Today, the Hon. Pierre Poilievre, Leader of the Conservative Party of Canada and the Official Opposition, and the Hon. Michelle Rempel Garner, Shadow Minister for Immigration, announced their plan to tackle the Liberal unemployment crisis by permanently scrapping the Temporary Foreign Worker (TFW) program and immediately ending new permits.

“Prime Minister Carney has failed to meet his own already excessive immigration targets and now he’s on track to issue the highest number of TFW permits ever in a single year,” Poilievre said. “It’s time to take decisive action to protect our youth and workers.”

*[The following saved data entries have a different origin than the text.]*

(* If a language $L \subseteq \mathbb{N}$ is computably succinct, then any functional property $\psi$ that $L$ captures is in $\Pi^0_2$.
   Context: Programs (generators) are identified with natural numbers in a fixed universal programming language; $\varphi_g$ is the partial computable function computed by $g$, and $|g|$ denotes the length of program $g$ (e.g. number of bits of its representation). $L$ being computably succinct means that there is a computable function $f$ such that for every program $g \in \mathbb{N}$ for which some functionally equivalent program exists in $L$, there is $g' \in L$ with $\varphi_{g'} = \varphi_g$ and $|g'| \le f(|g|)$ (in the argument this is used in the form $g' \le f(g)$, a bound on the index). A property $\psi \subseteq \mathbb{N}$ is functional if whenever $\varphi_g = \varphi_{g'}$, $\psi(g) \leftrightarrow \psi(g')$. $L$ captures $\psi$ if $L$ is decidable, every $g \in L$ satisfies $\psi$, and for every $g' \in \mathbb{N}$ satisfying $\psi$ there is $g \in L$ with $\varphi_g = \varphi_{g'}$. *)

theory Defs
  imports Main "HOL-Library.Nat_Bijection"
begin

text \<open>Input is placed in register 0, all other registers
are 0, execution starts at instruction 0 and halts when the program counter leaves
the program; the output is the content of register 0.\<close>

datatype instr = INC nat | DEC nat nat

definition decode_instr :: "nat \<Rightarrow> instr" where
  "decode_instr n = (if even n then INC (n div 2)
                     else (case prod_decode (n div 2) of (r, j) \<Rightarrow> DEC r j))"

definition decode_prog :: "nat \<Rightarrow> instr list" where
  "decode_prog g = map decode_instr (list_decode g)"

Under the Liberals, too many corporations are relying on cheap foreign labour while Canadians pay the price. Recent data shows a 7.4 percent increase in Employment Insurance requests since Carney took office (504,110 in March to 541,430 in June), while almost 400,000 Canadians have been searching for work for over two years – outside of the pandemic, this is the highest share of long-term unemployment since February 1998.

Youth employment is at its lowest in more than a quarter-century (outside the pandemic), while an oversaturated job market continues to suppress wages even for the gainfully employed. Companies like Tim Hortons, the once beloved coffee shop that gave a first paycheque to countless Canadian teens, have hired an almost unimaginable number of TFWs – 1,131 percent more for Tim Hortons over just four years alone.

“We know why a foreign-owned mega chain wants to be greedy – it’s good for their corporate profits – but our immigration system doesn’t exist to pad their bottom line,” Poilievre said. “That’s why the government should immediately stop issuing new TFW permits, and end this wage-suppressing, opportunity-stealing program.”

“Not long ago, young Canadians could gain vital skills in entry-level jobs, earn enough to pay for school, and build a future,” said Rempel Garner. “In return, employers built a skilled domestic workforce. But the Liberals broke that deal, leading to staggering youth unemployment and heartbreaking stories of graduates sending hundreds of resumes without a single callback.”

Over the last decade, TFWs have ballooned to almost two percent of our total private sector workforce. The impact is dramatic, considering that nearly three-quarters of these temporary immigrants earn less than the median income and exert downward pressure on wages.

That’s as Canadians struggle with an unemployment crisis that CIBC says matches “levels typically only seen during recessionary periods.” In June 2009, the height of the Great Recession, 684,200 Ontarians were out of work, 16,300 fewer than the 700,500 reported this July.

Yet, we are still bringing in record amounts of predominantly low-skilled foreign labour. Carney’s government has issued 105,000 new Temporary Foreign Worker permits in the first six months of 2025 alone. Despite a promised cap of 82,000, the Liberals are on track to issue the most TFW permits ever.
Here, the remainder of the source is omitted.